Our Online Speech Rights Are Under Threat
Congress on Wednesday will examine a little-known law that has made the internet the space for self-expression and connection that it is today. The law, Section 230 of the Communications Decency Act (CDA 230), is one of the most speech protective laws Congress has ever enacted and it is now under threat.
The internet today provides us an indispensable platform to communicate freely with others who might otherwise be beyond reach. One person with an idea or a desire to create change can reach millions. April Reign coined the hashtag #OscarsSoWhite in 2015 and spawned an online movement drawing attention to the lack of representation of people of color in the nominated films.
#OscarsSoWhite they asked to touch my hair. 😒To prevent tracking by Twitter, we are showing a preview. See original tweet.
Like Reign, people around the world are leveraging the internet to fight back against anything from systemic racism to the tactics of oppressive regimes. And the benefits can be personal too — new parents needing advice on a stroller can turn to online parent message boards, home gardeners seeking lawn care tips can turn to DIY gardening blogs, and more.
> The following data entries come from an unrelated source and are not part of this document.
lemma is_der_Triv_eq_ad:
  fixes D :: "(path \<Rightarrow> 'k::field) \<Rightarrow> path \<Rightarrow> 'k"
  assumes D: "is_der D" and i: "i \<in> {1,2,3}"
  shows "D (bp (Triv i)) = ad (idem_corr D) (bp (Triv i))"
proof (rule ext)
  fix r
  let ?u = "\<lambda>j. D (bp (Triv j)) r"
  show "D (bp (Triv i)) r = ad (idem_corr D) (bp (Triv i)) r"
  proof (cases "r \<in> Std")
    case False
    have "on_Std (D (bp (Triv i)))" using i by (intro is_der_on_Std[OF D] on_Std_bp Triv_in_StdI)
    then show ?thesis using False on_Std_ad[of "idem_corr D" "bp (Triv i)"] by (simp add: on_Std_def)
  next
    case True
    note rel = is_der_Triv_Triv_at[OF D True]
    have s: "psrc r \<in> {1,2,3}" and t: "ptgt r \<in> {1,2,3}" using True Std_psrc Std_ptgt by auto
    have A: "?u j = (if psrc r = j then ?u j else 0) + (if ptgt r = j then ?u j else 0)"
      if "j \<in> {1,2,3}" for j
      using rel[OF that that] by simp
    have B: "0 = ?u (ptgt r) + ?u (psrc r)" if "psrc r \<noteq> ptgt r"
      using rel[OF t s] that by simp
    have "?u i = (if psrc r = i then ?u (psrc r) else 0) - (if ptgt r = i then ?u (psrc r) else 0)"
      by (rule idempotent_coeff_relations[OF A B i])
    moreover have "ad (idem_corr D) (bp (Triv i)) r
        = (if psrc r = i then ?u (psrc r) else 0) - (if ptgt r = i then ?u (psrc r) else 0)"
      using True i by (simp add: ad_def tmul_Triv_right tmul_Triv_left Triv_in_StdI idem_corr_def)
    ultimately show ?thesis by simp
  qed
qed

lemma is_der_local:
  fixes D :: "(path \<Rightarrow> 'k::field) \<Rightarrow> path \<Rightarrow> 'k"
  assumes D: "is_der D" and e: "\<And>i. i \<in> {1,2,3} \<Longrightarrow> D (bp (Triv i)) = 0"
    and v: "v \<in> Std" and r: "D (bp v) r \<noteq> 0"
  shows "r \<in> Std" "ptgt r = ptgt v" "psrc r = psrc v"
proof -
  have "on_Std (D (bp v))" using D v by (simp add: is_der_on_Std)
  then show r_Std: "r \<in> Std" using r by (auto simp: on_Std_def)
  have tv: "ptgt v \<in> {1,2,3}" and sv: "psrc v \<in> {1,2,3}" using v Std_psrc Std_ptgt by auto
  then have Tt: "Triv (ptgt v) \<in> Std" and Ts: "Triv (psrc v) \<in> Std" by (auto intro: Triv_in_StdI)
  have "bp (Triv (ptgt v)) \<star> bp v = (bp v :: path \<Rightarrow> 'k)"
    by (rule bp_eq_tmul[OF Tt v _ v, symmetric]) (simp add: pmul_Triv_left)
  then have "D (bp v) = D (bp (Triv (ptgt v)) \<star> bp v)" by simp
  also have "\<dots> = bp (Triv (ptgt v)) \<star> D (bp v)"
    using is_der_tmul[OF D on_Std_bp[OF Tt] on_Std_bp[OF v]] e[OF tv] by simp
  finally have "D (bp v) = bp (Triv (ptgt v)) \<star> D (bp v)" .
  then have "D (bp v) r = (if ptgt r = ptgt v then D (bp v) r else 0)"
    using tmul_Triv_left[OF Tt r_Std] by metis
  then show "ptgt r = ptgt v" using r by presburger
  have "bp v \<star> bp (Triv (psrc v)) = (bp v :: path \<Rightarrow> 'k)"
    by (rule bp_eq_tmul[OF v Ts _ v, symmetric]) (simp add: pmul_Triv_right)
  then have "D (bp v) = D (bp v \<star> bp (Triv (psrc v)))" by simp
  also have "\<dots> = D (bp v) \<star> bp (Triv (psrc v))"
    using is_der_tmul[OF D on_Std_bp[OF v] on_Std_bp[OF Ts]] e[OF sv] by simp
  finally have "D (bp v) = D (bp v) \<star> bp (Triv (psrc v))" .
  then have "D (bp v) r = (if psrc r = psrc v then D (bp v) r else 0)"
    using tmul_Triv_right[OF Ts r_Std] by metis
  then show "psrc r = psrc v" using r by presburger
qed
definition set_prod :: "complex set \<Rightarrow> complex set \<Rightarrow> complex set" where
  "set_prod A B = {a * b | a b. a \<in> A \<and> b \<in> B}"

definition set_quot :: "complex set \<Rightarrow> complex set" where
  "set_quot A = {a / b | a b. a \<in> A \<and> b \<in> A}"

definition finite_circle_subgroup :: "complex set \<Rightarrow> bool" where
  "finite_circle_subgroup G \<longleftrightarrow> finite G \<and> G \<noteq> {} \<and> (\<forall>z\<in>G. norm z = 1)
     \<and> (\<forall>x\<in>G. \<forall>y\<in>G. x * y \<in> G) \<and> (\<forall>x\<in>G. inverse x \<in> G)"

definition at_least_two :: "'a set \<Rightarrow> bool" where
  "at_least_two A \<longleftrightarrow> (\<exists>x\<in>A. \<exists>y\<in>A. x \<noteq> y)"

end

theory Submission
  imports Defs
begin

text \<open>
  (1) If \<open>ab = g - \<lambda>\<close> with \<open>|g| = |\<lambda>| = 1\<close>, then \<open>\<lambda>/(ab) = 1/(g/\<lambda> - 1)\<close> has real part \<open>-1/2\<close>.
  For \<open>a\<^sub>1 \<noteq> a\<^sub>2\<close> in \<open>A\<close> and \<open>b\<^sub>1 \<noteq> b\<^sub>2\<close> in \<open>B\<close> the four numbers \<open>\<lambda>/(a\<^sub>ib\<^sub>j)\<close> then lie on one
  vertical line and satisfy \<open>p s = q r\<close>, which forces two of them to coincide.

  (2), (3) Every quotient \<open>u \<in> A/A\<close> other than \<open>\<mu>\<close> satisfies \<open>|u - \<mu>| = |\<xi>|\<close>, i.e.
  \<open>|t - s\<mu>| = |s| |\<xi>|\<close> for \<open>s, t \<in> A\<close>. Since two circles with distinct centres meet in at most two
  points, a case analysis shows that \<open>A/A\<close> has at most three elements; being closed under
  inversion, it is \<open>{1, v, 1/v}\<close>. Its power sums must equal those of \<open>\<xi>G + \<mu>\<close> (plus \<open>\<mu>\<close> in
  case (3)), which are \<open>|G| \<mu>\<^sup>j\<close> for \<open>0 < j < |G|\<close> because the \<open>j\<close>-th power sum of \<open>G\<close> vanishes.
  With \<open>m = |G|\<close> resp. \<open>m = |G| + 1\<close>, the first two power sums give \<open>(m - 1)(v + 1/v) = m + 1\<close>,
  which is incompatible with \<open>m = 3\<close>, with the third power sum, and with \<open>\<mu> \<in> {1, v, 1/v}\<close>.
\<close>

lemma Re_inverse_sub_one:
  fixes z :: complex
  assumes "cmod z = 1" "z \<noteq> 1"
  shows "Re (1 / (z - 1)) = -1/2"
proof -
  have unit: "(Re z)^2 + (Im z)^2 = 1" using assms(1) cmod_power2[of z] by simp
  have "Re z \<noteq> 1"
  proof
    assume "Re z = 1"
    then have "Im z = 0" using unit by simp
    then show False using \<open>Re z = 1\<close> assms(2) by (simp add: complex_eq_iff)
  qed
  have "Re (1 / (z - 1)) = (Re z - 1) / ((Re z - 1)^2 + (Im z)^2)"
    by (simp add: Re_divide power2_eq_square)
  also have "\<dots> = (Re z - 1) / (2 * (1 - Re z))"
    using unit by (simp add: power2_eq_square algebra_simps)
  also have "\<dots> = -1/2" using \<open>Re z \<noteq> 1\<close> by (simp add: field_simps)
  finally show ?thesis .
qed

lemma mult_eq_mult_on_vertical_line:
  fixes p q r s :: complex
  assumes "Re p = c" "Re q = c" "Re r = c" "Re s = c" "c \<noteq> 0" and "p * s = q * r"
  shows "p = q \<or> p = r"
proof -
  have "Re (p * s) = Re (q * r)" "Im (p * s) = Im (q * r)" using assms(6) by auto
  then have prod: "Im p * Im s = Im q * Im r" and "c * (Im p + Im s) = c * (Im q + Im r)"
    using assms(1-4) by (auto simp: algebra_simps)
  then have sum: "Im s = Im q + Im r - Im p" using assms(5) by simp
  have "(Im p - Im q) * (Im p - Im r) = 0"
    using prod unfolding sum by (simp add: algebra_simps)
  then show ?thesis using assms(1-3) by (auto simp: complex_eq_iff)
qed

lemma set_prod_ne_shifted_circle:
  assumes G: "G \<subseteq> sphere 0 1" and l: "cmod l = 1"
    and A: "A \<subseteq> - {0}" "at_least_two A" and B: "B \<subseteq> - {0}" "at_least_two B"
  shows "set_prod A B \<noteq> (\<lambda>g. g - l) ` G - {0}"
proof
  assume AB: "set_prod A B = (\<lambda>g. g - l) ` G - {0}"
  have l0: "l \<noteq> 0" using l by auto
  have Re_quot: "Re (l / (a * b)) = -1/2" if "a \<in> A" "b \<in> B" for a b
  proof -
    have "a * b \<in> (\<lambda>g. g - l) ` G - {0}"
      unfolding AB[symmetric] using that by (auto simp: set_prod_def)
    then obtain g where g: "g \<in> G" "a * b = g - l" "a * b \<noteq> 0" by blast
    have "cmod (g / l) = 1" using G g(1) l by (auto simp: norm_divide)
    moreover have "g / l \<noteq> 1" using g(2,3) l0 by auto
    moreover have "1 / (g / l - 1) = l / (a * b)" using g(2,3) l0 by (simp add: field_simps)
    ultimately show ?thesis using Re_inverse_sub_one by metis
  qed
  obtain a1 a2 where a: "a1 \<in> A" "a2 \<in> A" "a1 \<noteq> a2" using A(2) by (auto simp: at_least_two_def)
  obtain b1 b2 where b: "b1 \<in> B" "b2 \<in> B" "b1 \<noteq> b2" using B(2) by (auto simp: at_least_two_def)
  have nz: "a1 \<noteq> 0" "a2 \<noteq> 0" "b1 \<noteq> 0" "b2 \<noteq> 0" using a b A(1) B(1) by auto
  have "l / (a1 * b1) * (l / (a2 * b2)) = l / (a1 * b2) * (l / (a2 * b1))"
    using nz by (simp add: field_simps)
  then have "l / (a1 * b1) = l / (a1 * b2) \<or> l / (a1 * b1) = l / (a2 * b1)"
    using Re_quot a b by (intro mult_eq_mult_on_vertical_line[where c = "-1/2" and s = "l / (a2 * b2)"]) auto
  then show False using nz l0 a b by auto
qed

lemma ex_subset_doubleton_if_no_three_distinct:
  assumes "\<And>x y z. x \<in> S \<Longrightarrow> y \<in> S \<Longrightarrow> z \<in> S \<Longrightarrow> x = y \<or> x = z \<or> y = z"
  shows "\<exists>a b. S \<subseteq> {a, b}"
proof (cases "S = {}")
  case False
  then obtain a where a: "a \<in> S" by blast
  show ?thesis
  proof (cases "S \<subseteq> {a}")
    case False
    then obtain b where "b \<in> S" "b \<noteq> a" by blast
    then have "S \<subseteq> {a, b}" using assms a by blast
    then show ?thesis by blast
  qed blast
qed blast

lemma circles_0_1_common_points:
  fixes p q w :: complex
  assumes "cmod p = r1" "cmod q = r1" "cmod w = r1"
    and "cmod (p - 1) = r2" "cmod (q - 1) = r2" "cmod (w - 1) = r2"
  shows "p = q \<or> p = w \<or> q = w"
proof -
  have coords: "Re z = (r1^2 - r2^2 + 1) / 2 \<and> (Im z)^2 = r1^2 - ((r1^2 - r2^2 + 1) / 2)^2"
    if "cmod z = r1" "cmod (z - 1) = r2" for z
  proof -
    have a: "r1^2 = (Re z)^2 + (Im z)^2" using that cmod_power2[of z] by simp
    have b: "r2^2 = (Re z - 1)^2 + (Im z)^2" using that cmod_power2[of "z - 1"] by simp
    have re: "Re z = (r1^2 - r2^2 + 1) / 2" using a b by (simp add: power2_eq_square algebra_simps)
    have im: "(Im z)^2 = r1^2 - (Re z)^2" using a by simp
    show ?thesis unfolding im re by simp
  qed
  have "Re p = Re q" "Re p = Re w" "(Im p)^2 = (Im q)^2" "(Im p)^2 = (Im w)^2"
    using coords assms by metis+
  moreover have "Im p = Im q \<or> Im p = Im w \<or> Im q = Im w"
    using calculation(3,4) by (metis power2_eq_iff)
  ultimately show ?thesis by (auto simp: complex_eq_iff)
qed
This is possible because so many online forums enable speakers to communicate freely on their platforms. Wikipedia provides a free online encyclopedia in scores of languages, thanks to volunteers around the world. Yelp lets us give recommendations on anything from restaurants to nail salons. Consumer watchdog sites encourage the public to submit reports of corporate malfeasance. Environmental activists at sites like Frack Check WV ask citizens to submit horror stories about fracking in their communities. The Bed Bug Registry asks users to report bed bug infestations. And then, of course, there are Facebook and Twitter.
CDA 230 makes communication on these platforms possible by assuring online platforms that they generally won’t be liable for user-generated content. Yelp can’t be held legally responsible every time one of its users posts a potentially false negative review. The Bed Bug Registry doesn’t have to visit every hotel with a magnifying glass to confirm the public reports. And Facebook can offer a forum for billions of users to share their thoughts, pictures, memes, and videos freely without having to approve every post before it goes up.
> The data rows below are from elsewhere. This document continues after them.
text \<open>
  The integers, ordered so that each odd number lies above its two neighbours, cover the
  finite circle via the hexagon x0 y1 x1 y2 x2 y0. For the upper bound, the square is covered
  by the minimal neighbourhoods of the pairs (yi, yj) with i = j, i < j and i > j. On the first
  set a path waits at a common upper bound of its endpoints; on the other two it walks along
  the line between lifts of its endpoints that depend monotonically on them.

  For the lower bound, a motion planner on an open set is monotone for the specialisation
  order, so the winding numbers W of its paths, read off from fine samples, satisfy
  W q - W p = (displacement of the endpoints) whenever p lies below q. Around a triangle of
  maximal pairs, joined through their common lower bounds, these increments must cancel.
  For seven explicit triangles they do not, and every 2-colouring of the nine maximal pairs
  makes one of these triangles monochromatic.
\<close>

instance S13 :: finite
proof
  have "(UNIV :: S13 set) = {x0, x1, x2, y0, y1, y2}"
    using S13.exhaust by auto
  then show "finite (UNIV :: S13 set)"
    by (metis finite.emptyI finite_insert)
qed

lemma openin_S1_3: "openin S1_3 U \<longleftrightarrow> (\<forall>p\<in>U. minimal_open p \<subseteq> U)"
proof -
  have "istopology (\<lambda>U. \<forall>p\<in>U. minimal_open p \<subseteq> U)"
    unfolding istopology_def by blast
  then show ?thesis
    unfolding S1_3_def by (simp add: topology_inverse')
qed

lemma topspace_S1_3 [simp]: "topspace S1_3 = UNIV"
  unfolding topspace_def openin_S1_3 by auto

lemma minimal_open_refl [simp]: "p \<in> minimal_open p"
  by (cases p) auto

lemma minimal_open_trans: "a \<in> minimal_open b \<Longrightarrow> b \<in> minimal_open c \<Longrightarrow> a \<in> minimal_open c"
  by (cases a; cases b; cases c) auto

lemma openin_minimal_open: "openin S1_3 (minimal_open p)"
  unfolding openin_S1_3 using minimal_open_trans by blast

definition minimal_open_pair :: "S13 \<times> S13 \<Rightarrow> (S13 \<times> S13) set" where
  "minimal_open_pair q = minimal_open (fst q) \<times> minimal_open (snd q)"

lemma minimal_open_pair_trans:
  "p \<in> minimal_open_pair q \<Longrightarrow> q \<in> minimal_open_pair r \<Longrightarrow> p \<in> minimal_open_pair r"
  unfolding minimal_open_pair_def by (auto intro: minimal_open_trans)

lemma openin_prod_S1_3:
  "openin (prod_topology S1_3 S1_3) V \<longleftrightarrow> (\<forall>q\<in>V. minimal_open_pair q \<subseteq> V)"
proof
  assume V: "openin (prod_topology S1_3 S1_3) V"
  show "\<forall>q\<in>V. minimal_open_pair q \<subseteq> V"
  proof
    fix q assume "q \<in> V"
    then obtain A B where "openin S1_3 A" "openin S1_3 B" "fst q \<in> A" "snd q \<in> B" "A \<times> B \<subseteq> V"
      using V unfolding openin_prod_topology_alt by (metis prod.collapse)
    then show "minimal_open_pair q \<subseteq> V"
      unfolding minimal_open_pair_def openin_S1_3 by blast
  qed
next
  assume "\<forall>q\<in>V. minimal_open_pair q \<subseteq> V"
  then show "openin (prod_topology S1_3 S1_3) V"
    unfolding openin_prod_topology_alt minimal_open_pair_def
    by (metis fst_conv snd_conv minimal_open_refl openin_minimal_open)
qed

lemma openin_UN_minimal_open_pair:
  "openin (prod_topology S1_3 S1_3) (\<Union>q\<in>Q. minimal_open_pair q)"
  unfolding openin_prod_S1_3 using minimal_open_pair_trans by blast

section \<open>Paths and the compact-open topology\<close>

lemma topspace_compact_open:
  "topspace (compact_open X Y) = {f. continuous_map X Y f \<and> f \<in> extensional (topspace X)}"
proof -
  have "UNIV \<in> {{f. f ` K \<subseteq> V} | K V. compactin X K \<and> openin Y V}"
    by (intro CollectI exI[of _ "{}"]) auto
  then show ?thesis
    unfolding compact_open_def by (auto simp: Union_maximal_sets)
qed

lemma openin_compact_open_subbasic:
  assumes "compactin X K" "openin Y V"
  shows "openin (compact_open X Y) {f \<in> topspace (compact_open X Y). f ` K \<subseteq> V}"
proof -
  have "{f. f ` K \<subseteq> V} \<in> {{f. f ` K \<subseteq> V} | K V. compactin X K \<and> openin Y V}"
    using assms by blast
  then have "openin (topology_generated_by {{f. f ` K \<subseteq> V} | K V. compactin X K \<and> openin Y V})
      {f. f ` K \<subseteq> V}"
    unfolding openin_topology_generated_by_iff by (rule generate_topology_on.Basis)
  moreover have "{f \<in> topspace (compact_open X Y). f ` K \<subseteq> V} =
      {f. f ` K \<subseteq> V} \<inter> {f. continuous_map X Y f \<and> f \<in> extensional (topspace X)}"
    by (auto simp: topspace_compact_open)
  ultimately show ?thesis
    unfolding compact_open_def openin_subtopology by auto
qed

lemma topspace_path_space:
  "topspace (path_space X) = {\<gamma>. continuous_map unit_interval X \<gamma> \<and> \<gamma> \<in> extensional {0..1}}"
  by (simp add: path_space_def topspace_compact_open)

lemma openin_path_space_eval:
  assumes "t \<in> {0..1}" "openin X V"
  shows "openin (path_space X) {\<gamma> \<in> topspace (path_space X). \<gamma> t \<in> V}"
  using openin_compact_open_subbasic[of unit_interval "{t}" X V] assms
  by (simp add: path_space_def)

lemma continuous_map_into_S1_3_iff:
  "continuous_map unit_interval S1_3 \<gamma> \<longleftrightarrow>
     (\<forall>t\<in>{0..1}. \<exists>e>0. \<forall>u\<in>{0..1}. \<bar>u - t\<bar> < e \<longrightarrow> \<gamma> u \<in> minimal_open (\<gamma> t))"
    (is "_ \<longleftrightarrow> (\<forall>t\<in>{0..1}. ?near t)")
proof
  assume \<gamma>: "continuous_map unit_interval S1_3 \<gamma>"
  show "\<forall>t\<in>{0..1}. ?near t"
  proof
    fix t :: real assume "t \<in> {0..1}"
    moreover have "openin unit_interval {u \<in> {0..1}. \<gamma> u \<in> minimal_open (\<gamma> t)}"
      using \<gamma> openin_minimal_open unfolding continuous_map_def by auto
    ultimately show "?near t"
      unfolding openin_euclidean_subtopology_iff by (auto simp: dist_real_def)
  qed
next
  assume near: "\<forall>t\<in>{0..1}. ?near t"
  show "continuous_map unit_interval S1_3 \<gamma>"
    unfolding continuous_map_def
  proof (intro conjI allI impI)
    fix V assume V: "openin S1_3 V"
    show "openin unit_interval {t \<in> topspace unit_interval. \<gamma> t \<in> V}"
      unfolding openin_euclidean_subtopology_iff
    proof (intro conjI ballI)
      fix t assume t: "t \<in> {t \<in> topspace unit_interval. \<gamma> t \<in> V}"
      then have "t \<in> {0..1}" by simp
      then obtain e where "e > 0" "\<forall>u\<in>{0..1}. \<bar>u - t\<bar> < e \<longrightarrow> \<gamma> u \<in> minimal_open (\<gamma> t)"
        using near by blast
      moreover have "minimal_open (\<gamma> t) \<subseteq> V"
        using V t unfolding openin_S1_3 by auto
      ultimately show "\<exists>e>0. \<forall>u\<in>{0..1}. dist u t < e \<longrightarrow>
          u \<in> {t \<in> topspace unit_interval. \<gamma> t \<in> V}"
        by (auto simp: dist_real_def)
    qed auto
  qed auto
qed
If it weren’t for CDA 230, no website owner would permit public posts knowing that the site could be investigated, shut down, sued, or charged with a felony over one user’s speech. Avoiding legal risk would require even the smallest blog to hire an army of lawyers to assess in real-time all content created and uploaded by users. It’s unaffordable. Instead, sites would avoid legal liability by simply refusing to host user-generated content at all.
Of course, users make mistakes. We get facts wrong. We can be terrible to one another in ways that break the law, offend, or hurt. Bad actors can — and do — abuse the internet for nefarious and destructive purposes. But there are already safeguards in place to address harmful content not protected under the First Amendment, and Section 230 does not shield bad actors or lawbreakers. If you use Facebook to harass someone (please, don’t do that), you remain responsible for those actions.
CDA 230 also doesn’t stop online platforms from trying to cultivate orderly, pleasant, and useful sites. While the biggest social media companies, responsible for hosting the speech of billions, should resist calls to censor lawful speech, CDA 230 allows sites to delete abusive accounts, remove content that violates the site’s terms of service, or refuse to carry pornography without risking liability for the speech that they do host.
Despite these safeguards, the obvious good CDA 230 has done in creating a free, vibrant forum for speech in the modern era, and the clear harm that would result for the speech of billions should it no longer exist, some lawmakers are considering rolling the law’s protections back in ways that are poorly informed and even dangerous. One lawmaker has introduced a bill that would require a federal agency to decide whether a platform complies with a “political neutrality” requirement as a precondition for immunity. Others have proposed revoking platforms’ immunity when moderating “objectionable” content while retaining immunity for moderating “unlawful content” in good faith.
Setting aside the obvious constitutional problems with a government entity judging the political content of speech, or dictating the censorship decisions of online platforms, these proposals would make it far less palatable for online services to host others’ speech at all. If enacted, the internet’s marketplace of ideas — and our freedom to communicate online — would suffer.
The ACLU has continued to fight for Section 230 to protect people’s ability to create and communicate online. We have encouraged courts to interpret the law’s immunity provisions to enable as much free expression online as possible under U.S. law. We will remain vigilant in ensuring that the internet remains a place for self-expression and creation for all. We urge Members of Congress as they examine CDA 230’s role in the free expression to do the same.